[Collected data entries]
[Start of section]

text \<open>For typical f and g the discrepancy at level k is below \<open>2 \<cdot> 2\<^sup>n 2\<^sup>-\<^sup>k\<^sup>/\<^sup>3\<close>, so the
  weights \<open>2 (k + 1)\<close> of the level-by-level construction still sum to \<open>O(2\<^sup>n)\<close>.\<close>

lemma typical_mapping_stretch_le:
  assumes "balanced n f" "balanced n g" "typical n f" "typical n g" "n > 0"
  shows "\<exists>\<phi>. is_mapping n f g \<phi> \<and> avgStretch n \<phi> \<le> stretch_bound \<and>
              avgStretch n (the_inv_into (cube n) \<phi>) \<le> stretch_bound"
proof -
  define \<rho> :: real where "\<rho> = 2 powr (- 1 / 3)"
  have \<rho>: "0 \<le> \<rho>" "\<rho> < 1"
    unfolding \<rho>_def using powr_less_mono[of "- 1 / 3" 0 2] by simp_all
  have \<rho>_power: "\<rho> ^ k = 2 powr (- real k / 3)" for k
    unfolding \<rho>_def by (simp add: powr_power)
  obtain \<phi> where \<phi>: "is_mapping n f g \<phi>"
    "displacement n \<phi> \<le> (\<Sum>j<n. 2 * (real j + 1) * discrepancy n j f g)"
    using mapping_with_displacement_le[OF assms(1,2)] by blast
  have "discrepancy n j f g \<le> 2 * (2 ^ n * \<rho> ^ j)" if "j < n" for j
  proof -
    have "imbalance n j (ones n f) < 2 ^ n * \<rho> ^ j" "imbalance n j (ones n g) < 2 ^ n * \<rho> ^ j"
      using assms(3,4) that by (simp_all add: typical_def \<rho>_power)
    then show ?thesis
      using discrepancy_le_imbalance[of n j f g] by linarith
  qed
  then have "(\<Sum>j<n. 2 * (real j + 1) * discrepancy n j f g)
      \<le> (\<Sum>j<n. 2 * (real j + 1) * (2 * (2 ^ n * \<rho> ^ j)))"
    by (intro sum_mono mult_left_mono) auto
  also have "\<dots> = 4 * 2 ^ n * (\<Sum>j<n. (real j + 1) * \<rho> ^ j)"
    by (simp add: sum_distrib_left algebra_simps)
  also have "\<dots> \<le> 4 * 2 ^ n * (1 / (1 - \<rho>)\<^sup>2)"
    using sum_succ_mult_power_le[OF \<rho>] by (intro mult_left_mono) auto
  finally have "displacement n \<phi> \<le> 4 * 2 ^ n / (1 - \<rho>)\<^sup>2"
    using \<phi>(2) by simp
  then have "2 * displacement n \<phi> / 2 ^ n \<le> 2 * (4 * 2 ^ n / (1 - \<rho>)\<^sup>2) / 2 ^ n"
    by (intro divide_right_mono mult_left_mono) auto
  then have "1 + 2 * displacement n \<phi> / 2 ^ n \<le> stretch_bound"
    by (simp add: stretch_bound_def \<rho>_def)
  moreover have "bij_betw \<phi> (cube n) (cube n)"
    using \<phi>(1) by (simp add: is_mapping_def)
  ultimately show ?thesis
    using \<phi>(1) avgStretch_mapping_le_displacement[OF _ assms(5), of \<phi>] by (meson order_trans)
qed

lemma mapping_stretch_le_dim:
  assumes "balanced n f" "balanced n g"
  shows "\<exists>\<phi>. is_mapping n f g \<phi> \<and> avgStretch n \<phi> \<le> n \<and> avgStretch n (the_inv_into (cube n) \<phi>) \<le> n"
proof -
  obtain \<phi> where \<phi>: "is_mapping n f g \<phi>"
    using mapping_with_displacement_le[OF assms] by blast
  then have "bij_betw \<phi> (cube n) (cube n)"
    by (simp add: is_mapping_def)
  then have "\<phi> ` cube n \<subseteq> cube n" "the_inv_into (cube n) \<phi> ` cube n \<subseteq> cube n"
    using bij_betw_the_inv_into[of \<phi> "cube n" "cube n"] by (simp_all add: bij_betw_def)
  with \<phi> avgStretch_le_dim show ?thesis by blast
qed

definition pairs_with_mapping :: "nat \<Rightarrow> real \<Rightarrow> ((nat set \<Rightarrow> bool) \<times> (nat set \<Rightarrow> bool)) set" where
  "pairs_with_mapping n C = {(f, g). f \<in> balanced_funs n \<and> g \<in> balanced_funs n \<and>
     (\<exists>\<phi>. is_mapping n f g \<phi> \<and> avgStretch n \<phi> \<le> C \<and> avgStretch n (the_inv_into (cube n) \<phi>) \<le> C)}"

lemma finite_pairs_with_mapping: "finite (pairs_with_mapping n C)"
  by (rule finite_subset[of _ "balanced_funs n \<times> balanced_funs n"])
     (auto simp: pairs_with_mapping_def finite_balanced_funs)

lemma card_Times_Diff_ge:
  fixes \<epsilon> :: real
  assumes "finite A" "B \<subseteq> A" "2 * real (card B) \<le> \<epsilon> * real (card A)"
  shows "(1 - \<epsilon>) * real (card (A \<times> A)) \<le> real (card ((A - B) \<times> (A - B)))"
proof -
  have "card (A - B) = card A - card B" "card B \<le> card A"
    using assms(1,2) by (simp_all add: card_Diff_subset finite_subset card_mono)
  then have "real (card ((A - B) \<times> (A - B))) = (real (card A) - real (card B))\<^sup>2"
    by (simp add: card_cartesian_product of_nat_diff power2_eq_square)
  also have "\<dots> \<ge> real (card A) * (real (card A) - 2 * real (card B))"
    by (simp add: power2_eq_square algebra_simps)
  moreover have "real (card A) * (real (card A) - 2 * real (card B)) \<ge> (1 - \<epsilon>) * real (card (A \<times> A))"
    using mult_left_mono[OF assms(3), of "real (card A)"] by (simp add: card_cartesian_product algebra_simps)
  ultimately show ?thesis by linarith
qed

lemma card_pairs_with_mapping_ge_small_dim:
  assumes "real n \<le> C" "0 \<le> \<epsilon>"
  shows "(1 - \<epsilon>) * real (card (balanced_funs n \<times> balanced_funs n)) \<le> real (card (pairs_with_mapping n C))"
proof -
  have "pairs_with_mapping n C = balanced_funs n \<times> balanced_funs n"
    using mapping_stretch_le_dim assms(1)
    by (fastforce simp: pairs_with_mapping_def balanced_funs_def)
  moreover have "0 \<le> \<epsilon> * real (card (balanced_funs n \<times> balanced_funs n))"
    using assms(2) by simp
  ultimately show ?thesis
    by (simp add: left_diff_distrib)
qed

[End of section]

WORK TO COMPLETE >> From the data above, output every line exactly.

ANSWER BELOW >>
text \<open>For typical f and g the discrepancy at level k is below \<open>2 \<cdot> 2\<^sup>n 2\<^sup>-\<^sup>k\<^sup>/\<^sup>3\<close>, so the
  weights \<open>2 (k + 1)\<close> of the level-by-level construction still sum to \<open>O(2\<^sup>n)\<close>.\<close>

lemma typical_mapping_stretch_le:
  assumes "balanced n f" "balanced n g" "typical n f" "typical n g" "n > 0"
  shows "\<exists>\<phi>. is_mapping n f g \<phi> \<and> avgStretch n \<phi> \<le> stretch_bound \<and>
              avgStretch n (the_inv_into (cube n) \<phi>) \<le> stretch_bound"
proof -
  define \<rho> :: real where "\<rho> = 2 powr (- 1 / 3)"
  have \<rho>: "0 \<le> \<rho>" "\<rho> < 1"
    unfolding \<rho>_def using powr_less_mono[of "- 1 / 3" 0 2] by simp_all
  have \<rho>_power: "\<rho> ^ k = 2 powr (- real k / 3)" for k
    unfolding \<rho>_def by (simp add: powr_power)
  obtain \<phi> where \<phi>: "is_mapping n f g \<phi>"
    "displacement n \<phi> \<le> (\<Sum>j<n. 2 * (real j + 1) * discrepancy n j f g)"
    using mapping_with_displacement_le[OF assms(1,2)] by blast
  have "discrepancy n j f g \<le> 2 * (2 ^ n * \<rho> ^ j)" if "j < n" for j
  proof -
    have "imbalance n j (ones n f) < 2 ^ n * \<rho> ^ j" "imbalance n j (ones n g) < 2 ^ n * \<rho> ^ j"
      using assms(3,4) that by (simp_all add: typical_def \<rho>_power)
    then show ?thesis
      using discrepancy_le_imbalance[of n j f g] by linarith
  qed
  then have "(\<Sum>j<n. 2 * (real j + 1) * discrepancy n j f g)
      \<le> (\<Sum>j<n. 2 * (real j + 1) * (2 * (2 ^ n * \<rho> ^ j)))"
    by (intro sum_mono mult_left_mono) auto
  also have "\<dots> = 4 * 2 ^ n * (\<Sum>j<n. (real j + 1) * \<rho> ^ j)"
    by (simp add: sum_distrib_left algebra_simps)
  also have "\<dots> \<le> 4 * 2 ^ n * (1 / (1 - \<rho>)\<^sup>2)"
    using sum_succ_mult_power_le[OF \<rho>] by (intro mult_left_mono) auto
  finally have "displacement n \<phi> \<le> 4 * 2 ^ n / (1 - \<rho>)\<^sup>2"
    using \<phi>(2) by simp
  then have "2 * displacement n \<phi> / 2 ^ n \<le> 2 * (4 * 2 ^ n / (1 - \<rho>)\<^sup>2) / 2 ^ n"
    by (intro divide_right_mono mult_left_mono) auto
  then have "1 + 2 * displacement n \<phi> / 2 ^ n \<le> stretch_bound"
    by (simp add: stretch_bound_def \<rho>_def)
  moreover have "bij_betw \<phi> (cube n) (cube n)"
    using \<phi>(1) by (simp add: is_mapping_def)
  ultimately show ?thesis
    using \<phi>(1) avgStretch_mapping_le_displacement[OF _ assms(5), of \<phi>] by (meson order_trans)
qed

lemma mapping_stretch_le_dim:
  assumes "balanced n f" "balanced n g"
  shows "\<exists>\<phi>. is_mapping n f g \<phi> \<and> avgStretch n \<phi> \<le> n \<and> avgStretch n (the_inv_into (cube n) \<phi>) \<le> n"
proof -
  obtain \<phi> where \<phi>: "is_mapping n f g \<phi>"
    using mapping_with_displacement_le[OF assms] by blast
  then have "bij_betw \<phi> (cube n) (cube n)"
    by (simp add: is_mapping_def)
  then have "\<phi> ` cube n \<subseteq> cube n" "the_inv_into (cube n) \<phi> ` cube n \<subseteq> cube n"
    using bij_betw_the_inv_into[of \<phi> "cube n" "cube n"] by (simp_all add: bij_betw_def)
  with \<phi> avgStretch_le_dim show ?thesis by blast
qed

definition pairs_with_mapping :: "nat \<Rightarrow> real \<Rightarrow> ((nat set \<Rightarrow> bool) \<times> (nat set \<Rightarrow> bool)) set" where
  "pairs_with_mapping n C = {(f, g). f \<in> balanced_funs n \<and> g \<in> balanced_funs n \<and>
     (\<exists>\<phi>. is_mapping n f g \<phi> \<and> avgStretch n \<phi> \<le> C \<and> avgStretch n (the_inv_into (cube n) \<phi>) \<le> C)}"

lemma finite_pairs_with_mapping: "finite (pairs_with_mapping n C)"
  by (rule finite_subset[of _ "balanced_funs n \<times> balanced_funs n"])
     (auto simp: pairs_with_mapping_def finite_balanced_funs)

lemma card_Times_Diff_ge:
  fixes \<epsilon> :: real
  assumes "finite A" "B \<subseteq> A" "2 * real (card B) \<le> \<epsilon> * real (card A)"
  shows "(1 - \<epsilon>) * real (card (A \<times> A)) \<le> real (card ((A - B) \<times> (A - B)))"
proof -
  have "card (A - B) = card A - card B" "card B \<le> card A"
    using assms(1,2) by (simp_all add: card_Diff_subset finite_subset card_mono)
  then have "real (card ((A - B) \<times> (A - B))) = (real (card A) - real (card B))\<^sup>2"
    by (simp add: card_cartesian_product of_nat_diff power2_eq_square)
  also have "\<dots> \<ge> real (card A) * (real (card A) - 2 * real (card B))"
    by (simp add: power2_eq_square algebra_simps)
  moreover have "real (card A) * (real (card A) - 2 * real (card B)) \<ge> (1 - \<epsilon>) * real (card (A \<times> A))"
    using mult_left_mono[OF assms(3), of "real (card A)"] by (simp add: card_cartesian_product algebra_simps)
  ultimately show ?thesis by linarith
qed

lemma card_pairs_with_mapping_ge_small_dim:
  assumes "real n \<le> C" "0 \<le> \<epsilon>"
  shows "(1 - \<epsilon>) * real (card (balanced_funs n \<times> balanced_funs n)) \<le> real (card (pairs_with_mapping n C))"
proof -
  have "pairs_with_mapping n C = balanced_funs n \<times> balanced_funs n"
    using mapping_stretch_le_dim assms(1)
    by (fastforce simp: pairs_with_mapping_def balanced_funs_def)
  moreover have "0 \<le> \<epsilon> * real (card (balanced_funs n \<times> balanced_funs n))"
    using assms(2) by simp
  ultimately show ?thesis
    by (simp add: left_diff_distrib)
qed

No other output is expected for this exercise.